Justice Viaduc TGV sur un domaine : la SNCF condamnée à 2,8 millions d'indemnités

AFP

La SNCF a été condamnée vendredi 24 octobre 2003, par le tribunal administratif de Marseille à verser 2,8 millions d'euros d'indemnités aux propriétaires d'un domaine viticole près d'Aix-en-Provence (Bouches-du-Rhône), déprécié par la construction d'un viaduc du TGV-Méditerranée.

Le tribunal a également condamné la SNCF à verser 153.000 euros à la Société immobilière de Caumont, gérant un ensemble résidentiel et une exploitation viticole de 42 hectares dans la commune de Caumont-sur-Durance (Vaucluse), proche du tracé du TGV. Le commissaire du gouvernement avait préconisé quatre millions d'euros pour dédommager la société Georges de Blanquet, propriétaires du Château-bas, une propriété viticole classée à Vernegues (Bouches-du-Rhône) et produisant un AOC Côteaux d'Aix-en-Provence.
Depuis la mise en service du TGV, ce domaine "ne souffrant d'aucun défaut avant", selon l'expression du président du Tribunal administratif Serge Gonzalès, est traversé par un viaduc de 1,2 km de long soutenu par 27 piliers de 12 à 35 mètres de haut. "Au lieu d'une vue panoramique sur la montagne du Lubéron, aujourd'hui, la vue est barrée par le viaduc", avait constaté le commissaire du gouvernement Jean-Baptiste Harang. "Les dommages liés à la perte vénale de la propriété et au trouble de la jouissance sont incontestables.

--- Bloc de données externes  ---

lemma Mmat_link_row_sum:
  assumes finV: "finite V" and EV: "E \<subseteq> V \<times> V" and e: "(a, b) \<in> E"
  shows "(\<Sum>y\<in>idxset V E. Mmat E S (Inr (a, b)) y) = 1"
proof -
  have finE: "finite E" using finV EV finite_subset by blast
  have "b \<in> V" using EV e by auto
  have "(\<Sum>j\<in>V. Mmat E S (Inr (a, b)) (Inl j)) = (\<Sum>j\<in>V. if j = b then of_bool ((a, b) \<in> S) else 0)"
    by (rule sum.cong) (use e in auto)
  also have "\<dots> = of_bool ((a, b) \<in> S)"
    using finV \<open>b \<in> V\<close> by simp
  finally have nodes: "(\<Sum>j\<in>V. Mmat E S (Inr (a, b)) (Inl j)) = of_bool ((a, b) \<in> S)" .
  have "(\<Sum>e'\<in>E. Mmat E S (Inr (a, b)) (Inr e')) = (\<Sum>e'\<in>E. if e' = (a, b) then of_bool ((a, b) \<notin> S) else 0)"
    by (rule sum.cong) (use e in auto)
  also have "\<dots> = of_bool ((a, b) \<notin> S)"
    using finE e by simp
  finally have links: "(\<Sum>e'\<in>E. Mmat E S (Inr (a, b)) (Inr e')) = of_bool ((a, b) \<notin> S)" .
  show ?thesis unfolding sum_idxset[OF finV finE] nodes links by simp
qed

lemma stochastic_Mmat:
  assumes "finite V" "E \<subseteq> V \<times> V" "\<forall>i\<in>V. (i, i) \<in> E"
  shows "stochastic (idxset V E) (Mmat E S)"
  unfolding stochastic_def
proof (intro conjI ballI)
  fix x assume "x \<in> idxset V E"
  then consider i where "i \<in> V" "x = Inl i" | a b where "(a, b) \<in> E" "x = Inr (a, b)"
    by (auto simp: idxset_def)
  thus "(\<Sum>y\<in>idxset V E. Mmat E S x y) = 1"
    by cases (simp_all add: Mmat_node_row_sum[OF assms(1,2)] Mmat_link_row_sum[OF assms(1,2)] assms(3))
qed (rule Mmat_nonneg)

lemma stochastic_Tprod:
  assumes "finite V" "E \<subseteq> V \<times> V" "\<forall>i\<in>V. (i, i) \<in> E"
  shows "stochastic (idxset V E) (Tprod V E Ss)"
proof -
  have "finite E" using assms(1,2) finite_subset by blast
  thus ?thesis unfolding Tprod_def
    using assms by (intro stochastic_mprod finite_idxset) (auto intro: stochastic_Mmat)
qed

lemma delta_Tprod_append_le:
  assumes fV: "finite V" and ne: "V \<noteq> {}" and EV: "E \<subseteq> V \<times> V" and loops: "\<forall>i\<in>V. (i, i) \<in> E"
  shows "delta (idxset V E) (Tprod V E (Ss @ Ts))
     \<le> lam (idxset V E) (Tprod V E Ss) * delta (idxset V E) (Tprod V E Ts)"
proof -
  let ?I = "idxset V E"
  have fI: "finite ?I" using fV EV finite_subset by (blast intro: finite_idxset)
  have "delta ?I (Tprod V E (Ss @ Ts)) = delta ?I (mmul ?I (Tprod V E Ss) (Tprod V E Ts))"
    unfolding Tprod_def map_append by (rule delta_cong) (rule mprod_append[OF fI])
  also have "\<dots> \<le> lam ?I (Tprod V E Ss) * delta ?I (Tprod V E Ts)"
    by (intro delta_mmul_le fI idxset_not_empty[OF ne] stochastic_Tprod[OF fV EV loops])
  finally show ?thesis .
qed

section \<open>Expectations over configuration sequences\<close>

definition seq_weight :: "('a \<times> 'a) set \<Rightarrow> ('a \<times> 'a \<Rightarrow> real) \<Rightarrow> ('a \<times> 'a) set list \<Rightarrow> real" where
  "seq_weight E q Ss = (\<Prod>S\<leftarrow>Ss. cfgp E q S)"

definition expect_k :: "('a \<times> 'a) set \<Rightarrow> ('a \<times> 'a \<Rightarrow> real) \<Rightarrow> nat
    \<Rightarrow> (('a \<times> 'a) set list \<Rightarrow> real) \<Rightarrow> real" where
  "expect_k E q k f = (\<Sum>Ss\<in>seqs E k. seq_weight E q Ss * f Ss)"

lemma finite_seqs: "finite E \<Longrightarrow> finite (seqs E k)"
proof -
  assume "finite E"
  moreover have "seqs E k = {Ss. set Ss \<subseteq> Pow E \<and> length Ss = k}"
    by (auto simp: seqs_def)
  ultimately show ?thesis by (simp add: finite_lists_length_eq)
qed

lemma seqs_add: "seqs E (a + b) = (\<lambda>(Ss, Ts). Ss @ Ts) ` (seqs E a \<times> seqs E b)"
proof (intro set_eqI iffI)
  fix Ss assume "Ss \<in> seqs E (a + b)"
  hence "take a Ss \<in> seqs E a" "drop a Ss \<in> seqs E b"
    by (auto simp: seqs_def dest: in_set_takeD in_set_dropD)
  thus "Ss \<in> (\<lambda>(Ss, Ts). Ss @ Ts) ` (seqs E a \<times> seqs E b)"
    by (intro image_eqI[where x = "(take a Ss, drop a Ss)"]) auto
qed (unfold seqs_def, fastforce)

lemma seq_weight_nonneg:
  assumes "Ss \<in> seqs E k" "\<forall>e\<in>E. 0 \<le> q e \<and> q e \<le> 1"
  shows "0 \<le> seq_weight E q Ss"
proof -
  have "0 \<le> cfgp E q S" if "S \<subseteq> E" for S
    unfolding cfgp_def using assms(2) that
    by (intro mult_nonneg_nonneg prod_nonneg) (auto simp: subset_iff)
  thus ?thesis using assms(1) unfolding seq_weight_def seqs_def by (intro prod_list_nonneg) auto
qed

lemma expect_k_add:
  "expect_k E q (a + b) (\<lambda>Ss. f (take a Ss) * g (drop a Ss)) = expect_k E q a f * expect_k E q b g"
proof -
  have inj: "inj_on (\<lambda>(Ss, Ts). Ss @ Ts) (seqs E a \<times> seqs E b)"
    by (auto simp: inj_on_def seqs_def)
  have "expect_k E q (a + b) (\<lambda>Ss. f (take a Ss) * g (drop a Ss))
      = (\<Sum>(Ss, Ts)\<in>seqs E a \<times> seqs E b. (seq_weight E q Ss * f Ss) * (seq_weight E q Ts * g Ts))"
    unfolding expect_k_def seqs_add sum.reindex[OF inj]
    by (rule sum.cong) (auto simp: seqs_def seq_weight_def)
  thus ?thesis by (simp add: expect_k_def sum_product sum.cartesian_product)
qed

lemma expect_k_one:
  assumes "finite E"
  shows "expect_k E q k (\<lambda>_. 1) = 1"
proof (induction k)
  case 0
  have "seqs E 0 = {[]}" by (auto simp: seqs_def)
  thus ?case by (simp add: expect_k_def seq_weight_def)
next
  case (Suc k)
  have "seqs E 1 = (\<lambda>S. [S]) ` Pow E"
    by (auto simp: seqs_def length_Suc_conv)
  moreover have "(\<Sum>S\<in>Pow E. cfgp E q S) = 1"
    using prod_add[OF assms, of q "\<lambda>e. 1 - q e"] by (simp add: cfgp_def)
  ultimately have "expect_k E q 1 (\<lambda>_. 1) = 1"
    by (simp add: expect_k_def seq_weight_def sum.reindex inj_on_def)
  thus ?case using expect_k_add[of E q 1 k "\<lambda>_. 1" "\<lambda>_. 1"] Suc by simp
qed

lemma expect_k_mono:
  assumes "\<forall>e\<in>E. 0 \<le> q e \<and> q e \<le> 1" "\<And>Ss. Ss \<in> seqs E k \<Longrightarrow> f Ss \<le> g Ss"
  shows "expect_k E q k f \<le> expect_k E q k g"
  unfolding expect_k_def
  by (intro sum_mono mult_left_mono seq_weight_nonneg assms)

lemma expect_k_nonneg:
  assumes "\<forall>e\<in>E. 0 \<le> q e \<and> q e \<le> 1" "\<And>Ss. Ss \<in> seqs E k \<Longrightarrow> 0 \<le> f Ss"
  shows "0 \<le> expect_k E q k f"
  unfolding expect_k_def by (intro sum_nonneg mult_nonneg_nonneg seq_weight_nonneg assms)

lemma expect_k_cmult: "expect_k E q k (\<lambda>Ss. c * f Ss) = c * expect_k E q k f"
  by (simp add: expect_k_def sum_distrib_left algebra_simps)

lemma expect_k_one_minus:
  assumes "finite E"
  shows "expect_k E q k (\<lambda>Ss. 1 - f Ss) = 1 - expect_k E q k f"
  using expect_k_one[OF assms, of q k]
  by (simp add: expect_k_def right_diff_distrib sum_subtractf)

lemma prob_k_eq_expect_k:
  assumes "finite E"
  shows "prob_k E q k P = expect_k E q k (\<lambda>Ss. of_bool (P Ss))"
  unfolding prob_k_def expect_k_def seq_weight_def sum.inter_filter[OF finite_seqs[OF assms]]
  by (rule sum.cong) auto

Avant le passage du TGV, cette propriété était la petite maison dans la prairie", avait-t-il estimé.
Concernant la Société immobilière du Caumont, le TA a justifié les indemnités par "la construction de la voie, d'un tunnel et de blocs de béton massif placés à l'entrée de ce tunnel dans une intention artistique, contribuant spécifiquement à la perte de la valeur vénale".
La société immobilière réclamait un dédommagement de 1,6 million d'euros à la SNCF mais le commissaire du gouvernement avait préconisé près de 4.000 euros, le site étant déjà dégradé par une autoroute, une route départementale et la présence d'un aéroport non loin. La SNCF devra en outre s'acquitter de frais et honoraires d'expertise de 24.500 euros dans cette affaire.